SunSirs: CBAM Officially Takes Effect on January 1: Six Major Impacts and Responses for China's Steel Industry
January 07 2026 10:03:46     
The EU Carbon Border Adjustment Mechanism (CBAM) entered its transition period on October 1, 2023, and will be fully implemented starting January 1, 2026. By 2028, it is planned to expand to downstream steel-intensive products such as machinery, automotive components, and home appliances. This will have far-reaching implications for China's steel industry, compelling the sector toward low-carbon transformation. The impact will be most significant for long-process, high-emission enterprises, while short-process and low-carbon technology companies will see opportunities.
Six Major Impacts
First, increased steel export costs. CBAM implementation will raise China's steel export expenses. The EU's free carbon allowance allocation will decrease annually from 97.5% in 2026 to zero by 2034, requiring full carbon emission costs for EU-bound products thereafter.
Second, weakened product competitiveness. High-value-added steel products like plates dominate China's exports to the EU, primarily produced via long-process methods with higher carbon intensity. Rising export costs will erode these products' price advantage in the EU market, diminishing competitiveness.
Third, expanded scope of trade and compliance barriers. CBAM will extend beyond steel products to downstream items like screws, bolts, and nuts. EU clients are mandating full life-cycle carbon footprints and EPD (Environmental Product Declaration) statements. SMEs face insufficient data capabilities and rising compliance costs.
Fourth, pressure from carbon price differentials. China's carbon price differs significantly from the EU Emissions Trading System (EU ETS) price, with the latter being 4 to 14 times higher. The greater the price gap, the higher the CBAM costs.

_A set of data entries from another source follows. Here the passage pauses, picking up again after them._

definition is_bool_hom :: "'a measure \<Rightarrow> nat \<Rightarrow> 'a set set \<Rightarrow> ('a set \<Rightarrow> nat set) \<Rightarrow> bool" where
  "is_bool_hom M d Q \<phi> \<longleftrightarrow>
     \<phi> (space M) = {1..d} \<and>
     (\<forall>A\<in>alg Q. \<phi> (space M - A) = {1..d} - \<phi> A) \<and>
     (\<forall>A\<in>alg Q. \<forall>B\<in>alg Q. \<phi> (A \<union> B) = \<phi> A \<union> \<phi> B)"

definition Hom_mu ::
  "'a measure \<Rightarrow> ('g \<Rightarrow> 'a \<Rightarrow> 'a) \<Rightarrow> 'a set set \<Rightarrow> 'g set \<Rightarrow> real \<Rightarrow> nat \<Rightarrow> ('g \<Rightarrow> nat \<Rightarrow> nat)
     \<Rightarrow> ('a set \<Rightarrow> nat set) set" where
  "Hom_mu M T \<xi> F \<delta> d s =
     {\<phi>. is_bool_hom M d (join_part M T \<xi> F) \<phi> \<and>
       (\<forall>g\<in>F. (\<Sum>A\<in>\<xi>. unif d (symdiff (s g -` \<phi> A \<inter> {1..d}) (\<phi> (T g -` A \<inter> space M)))) < \<delta>) \<and>
       (\<Sum>A\<in>join_part M T \<xi> F. \<bar>unif d (\<phi> A) - measure M A\<bar>) < \<delta>}"

definition hom_count ::
  "'a measure \<Rightarrow> ('g \<Rightarrow> 'a \<Rightarrow> 'a) \<Rightarrow> 'a set set \<Rightarrow> 'a set set \<Rightarrow> 'g set \<Rightarrow> real \<Rightarrow> nat
     \<Rightarrow> ('g \<Rightarrow> nat \<Rightarrow> nat) \<Rightarrow> nat" where
  "hom_count M T \<xi> \<eta> F \<delta> d s = card ((\<lambda>\<phi>. restrict \<phi> (alg \<xi>)) ` Hom_mu M T \<eta> F \<delta> d s)"

definition log_rate :: "nat \<Rightarrow> nat \<Rightarrow> ereal" where
  "log_rate d N = (if N = 0 then -\<infinity> else ereal (ln (real N) / real d))"

definition sofic_entropy ::
  "'g monoid \<Rightarrow> 'a measure \<Rightarrow> ('g \<Rightarrow> 'a \<Rightarrow> 'a) \<Rightarrow> (nat \<Rightarrow> nat) \<Rightarrow> (nat \<Rightarrow> 'g \<Rightarrow> nat \<Rightarrow> nat) \<Rightarrow> ereal" where
  "sofic_entropy G M T d \<sigma> =
     (SUP \<xi>\<in>{\<xi>. finite_meas_partition M \<xi>}.
       INF \<eta>\<in>{\<eta>. finite_meas_partition M \<eta> \<and> refines \<eta> \<xi>}.
         INF F\<in>{F. finite F \<and> F \<subseteq> carrier G \<and> \<one>\<^bsub>G\<^esub> \<in> F}.
           INF \<delta>\<in>{0<..}.
             limsup (\<lambda>i. log_rate (d i) (hom_count M T \<xi> \<eta> F \<delta> (d i) (\<sigma> i))))"

end

theory Submission
  imports Defs
begin

text \<open>A non-ergodic action has an invariant set \<open>A\<close> with \<open>0 < \<mu>(A) < 1\<close>, and every
  partition can be refined so that \<open>A\<close> becomes a union of cells. A homomorphism in
  \<open>Hom_mu\<close> for \<open>\<sigma> i\<close> then maps \<open>A\<close> to a subset of \<open>{1..d i}\<close> whose density is
  \<open>\<delta>\<close>-close to \<open>\<mu>(A)\<close> and which is \<open>\<delta>\<close>-almost invariant under \<open>\<sigma> i g\<close> for \<open>g \<in> F\<close>.
  If such homomorphisms existed for infinitely many \<open>i\<close> whatever \<open>F\<close> and \<open>\<delta>\<close>, a diagonal
  choice would produce an asymptotically invariant sequence of sets with densities
  tending to \<open>\<mu>(A) \<notin> {0, 1}\<close>, contradicting ergodicity of the sofic approximation. So for
  suitable \<open>F\<close> and \<open>\<delta>\<close> these sets of homomorphisms are eventually empty and every
  partition contributes \<open>-\<infinity>\<close> to the entropy.\<close>

lemma symdiff_UN_subset:
  "symdiff (\<Union>i\<in>I. f i) (\<Union>i\<in>I. h i) \<subseteq> (\<Union>i\<in>I. symdiff (f i) (h i))"
  unfolding symdiff_def by blast
(* Let $d\ge 2$, let $\bm{k}_1,\ldots,\bm{k}_d\in\mathbb{R}^d$ be a basis of $\mathbb{R}^d$ with $\mathsf{K}=[\bm{k}_1,\ldots,\bm{k}_d]$, and let $\mathfrak{a},\mathfrak{b}\in\mathbb{R}$. For $\bm{u}=[\alpha_1,\ldots,\alpha_d,\beta_1,\ldots,\beta_d]^T\in\mathbb{C}^{2d}$ and $\bm{x}\in\mathbb{R}^d$ let $p(\bm{x};\bm{u})=\sum_{j=1}^d\alpha_j e^{i\bm{k}_j\cdot\bm{x}}+\beta_j e^{-i\bm{k}_j\cdot\bm{x}}$, $\psi(\bm{x};\bm{u})=\mathfrak{a}|p(\bm{x};\bm{u})|^2-\mathfrak{b}|\nabla_{\bm{x}}p(\bm{x};\bm{u})|^2$, and let $\mathsf{Q}(\bm{0})$ be the Hermitian matrix with $\psi(\bm{0};\bm{u})=\bm{u}^*\mathsf{Q}(\bm{0})\bm{u}$. Fix a sign $\pm$ (with $\mp$ denoting the opposite sign), and let $\bm{u}=[\bm{v};\pm\bm{v}]$, $\bm{v}\in\mathbb{R}^d$, be a real unit-norm eigenvector of $\mathsf{Q}(\bm{0})$ with eigenvalue $\lambda$. Let $R^\pm_{\lambda,\bm{u}}$ be the set of pairs $(\bm{s},\bm{r})\in\{0,1\}^d\times\{0,1\}^d$ such that the three vectors $$[(-1)^{\bm{s}}\odot\bm{v};\mp(-1)^{\bm{s}}\odot\bm{v}],\quad [(-1)^{\bm{r}}\odot\bm{v};\mp(-1)^{\bm{r}}\odot\bm{v}],\quad [(-1)^{\bm{s}+\bm{r}}\odot\bm{v};\pm(-1)^{\bm{s}+\bm{r}}\odot\bm{v}]$$ all lie in the $\lambda$-eigenspace of $\mathsf{Q}(\bm{0})$. Then for every $\bm{n}\in\mathbb{Z}^d$ and every $(\bm{s},\bm{r})\in R^\pm_{\lambda,\bm{u}}$, the set $L_{\lambda,\bm{u}}=\{\bm{x}\in\mathbb{R}^d:\psi(\bm{x};\bm{u})=\lambda\}$ contains $$\{\mathsf{K}^{-T}(\theta(-1)^{\bm{s}}+\phi(-1)^{\bm{r}}+2\pi\bm{n}):\theta,\phi\in\mathbb{R}\}.$$ Moreover, this set is a plane whenever $(-1)^{\bm{s}}$ and $(-1)^{\bm{r}}$ are linearly independent, equivalently whenever $(-1)^{\bm{s}+\bm{r}}\notin\{-\bm{1},\bm{1}\}$.
   Context: $[\bm{x};\bm{y}]$ denotes the vertical stacking of vectors $\bm{x},\bm{y}$. For $\bm{s}\in\{0,1\}^d$ (or $\bm{s}\in\{0,1,2\}^d$ for sums), $(-1)^{\bm{s}}=[(-1)^{s_1},\ldots,(-1)^{s_d}]$; $\bm{1}$ is the all-ones vector in $\mathbb{R}^d$; and $\odot$ is the componentwise (Hadamard) product. *)

theory Defs
  imports "HOL-Analysis.Analysis"
begin

text \<open>Coefficients of u = [alpha_1..alpha_d, beta_1..beta_d] in C^{2d}; index Inl j is alpha_j, Inr j is beta_j.
  The wave vectors k_j are the columns of K.\<close>

definition pfun :: "real^'d^'d \<Rightarrow> complex^('d + 'd) \<Rightarrow> real^'d \<Rightarrow> complex" where
  "pfun K u x = (\<Sum>j\<in>UNIV. u $ Inl j * exp (\<i> * complex_of_real (column j K \<bullet> x))
                         + u $ Inr j * exp (- \<i> * complex_of_real (column j K \<bullet> x)))"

Fifth, supply chain transmission and restructuring. Steel export costs will be passed upstream (to raw materials) and downstream (to automotive, machinery, and home appliances), driving up overall manufacturing costs. Loss of EU market share may force enterprises to optimize export structures (by increasing high-end, low-carbon products) and expand into emerging markets, or trigger capacity relocation to avoid tariffs.
Sixth, transformation opportunities and competitive differentiation. CBAM implementation will accelerate the shift to green electricity, drive investment in low-carbon technologies like electric arc furnace steelmaking and carbon capture, utilization, and storage (CCUS). Short-process, low-carbon certified products will command premiums, hastening the phase-out of high-emission capacity and boosting the steel industry's energy efficiency and carbon management capabilities.
Three Key Response Strategies
First, establish a carbon management system. Develop a product carbon emissions monitoring, reporting, and management system aligned with the EU's CBAM mechanism. Conduct carbon emissions data audits to avoid default values. Publish EPD reports and actively prepare environmental product declarations, enhancing data credibility through third-party certification to serve as a “green business card” for international markets. Participate in carbon market trading, actively engage in the national carbon emissions trading market, and reduce carbon costs through carbon quota trading.
Second, strengthen international cooperation. Promote mutual recognition by establishing internationally recognized EPD platforms, such as through communication and mutual acceptance with EPD platforms in Japan, Italy, Sweden, and other countries.
Third, optimize production processes. Develop guiding policies to support the development of electric arc furnace short-process steelmaking in eligible regions. Increase financial support for disruptive technologies like hydrogen metallurgy and CCUS.